ST in general with the cortex-m products tends to put a cache in front of the flash, sometimes they document it and provide enable/disable control sometimes not so it can be difficult at best to get a real performance value as the typical thing is to run the code under test many times in a loop so you can get a better time measurement. other vendors don't necessarily do this and it is much easier to see the flash wait states and get a real, worst case, timing value that you can use to validate your design. caches in general as well as pipelines make it difficult at best to get good, repeatable, reliable numbers to validate your design. So for example you sometimes cannot do the alignment trick to mess with performance of the same machine code on an st but on say a ti with the same core you can. st might not give you the icache in a cortex-m7 where another vendor might since st has already covered that. Even within one brand name though don't expect the results of one chip/family to translate to another chip/family even if they use the same core. Also look at subtle comments in the arm documentation as to whether some cores offer a fetch size as an advertised option, single or multi-cycle multiply, etc. and I'll tell you that there are other compile time options for the core that are not shown in the technical reference manual that can affect performance so don't assume that all cortex-m3s are the same even if they are the same revision from arm.
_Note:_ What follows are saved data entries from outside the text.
lemma pullback_nth_differentiable_pdiff:
  assumes "\<xi> \<in> Lambda2_closed"
  shows "(\<lambda>y. pullback y $ i) differentiable at \<xi>"
    and "pdiff k (\<lambda>y. pullback y $ i) \<xi> = Dpullback i k \<xi>"
proof -
  have "\<xi> \<in> U" using assms square_subset_U by blast
  let ?D = "\<lambda>f. frechet_derivative f (at \<xi>)"
  have dDF: "(DF i j has_derivative ?D (DF i j)) (at \<xi>)" for i j
    using DF_differentiable[OF \<open>\<xi> \<in> U\<close>] frechet_derivative_works by blast
  have dX: "((\<lambda>y. X y $ j) has_derivative ?D (\<lambda>y. X y $ j)) (at \<xi>)" for j
    using X_nth_differentiable[OF \<open>\<xi> \<in> U\<close>] frechet_derivative_works by blast
  have djdet: "(jdet has_derivative ?D jdet) (at \<xi>)"
    using jdet_differentiable[OF \<open>\<xi> \<in> U\<close>] frechet_derivative_works by blast
  have "((\<lambda>y. pullback y $ i) has_derivative (\<lambda>h.
      ((DF i 1 \<xi> * ?D (\<lambda>y. X y $ 1) h + ?D (DF i 1) h * X \<xi> $ 1
        + (DF i 2 \<xi> * ?D (\<lambda>y. X y $ 2) h + ?D (DF i 2) h * X \<xi> $ 2)) * jdet \<xi>
       - (DF i 1 \<xi> * X \<xi> $ 1 + DF i 2 \<xi> * X \<xi> $ 2) * ?D jdet h) / (jdet \<xi> * jdet \<xi>))) (at \<xi>)"
    unfolding pullback_def vec_lambda_beta
    by (rule has_derivative_divide'[OF has_derivative_add[OF has_derivative_mult[OF dDF dX]
          has_derivative_mult[OF dDF dX]] djdet jdet_nonzero[OF assms]])
  from this pdiff_has_derivative[OF this, of k]
  show "(\<lambda>y. pullback y $ i) differentiable at \<xi>"
    and "pdiff k (\<lambda>y. pullback y $ i) \<xi> = Dpullback i k \<xi>"
    by (auto simp: differentiable_def Dpullback_def DX_def pdiff_def power2_eq_square algebra_simps)
qed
The chip vendor has the source so they can go even further and modify it, or for example a register bank to be implemented by the consumer they might change it from no protection to parity to ecc which might affect performance while retaining all of arms original code as is. When you look at an avr or pic though or even an msp430, while I cant prove it those designs appear more static not tiny vs Xmega vs regular old avr as there are definite differences there, but one tiny to another.
Your assumptions are a good start, there really isn't such a thing as over-optimization, more of a thing of missed optimizations, but there may be other factors you are not seeing in your assumptions that may or may not be see in a disassembly. there are obvious things that we would expect like one of the loop variables to be register based vs memory based. alignment, I wouldn't expect the clock settings to change if you used the same code, but a different set of experiments using timers or a scope you can measure the clock settings to see if they were configured the same. background tasks, interrupts and dumb luck as to how/when they hit the test. But bottom line, sometimes it is as simple as a missed optimization or subtle differences in how one compiler generates code to another, it is as often not those things and more of a system issue, memory speed, peripheral speed, caches or their architecture, how the various busses in the design operate, etc. For some of these cortex-ms (and many other processors) you can exploit their bus behavior to show a performance difference in something that the average person wouldn't expect to see.

Keil over-optimization (unlikely, because the code is very simple)
You cant over-optimize you can under/miss so if anything gcc missed something that Kiel didn't. Not the other way around
arm-none-eabi-gcc under-optimization due to wrong compiler flags (I use CLion Embedded plugins` CMakeLists.txt)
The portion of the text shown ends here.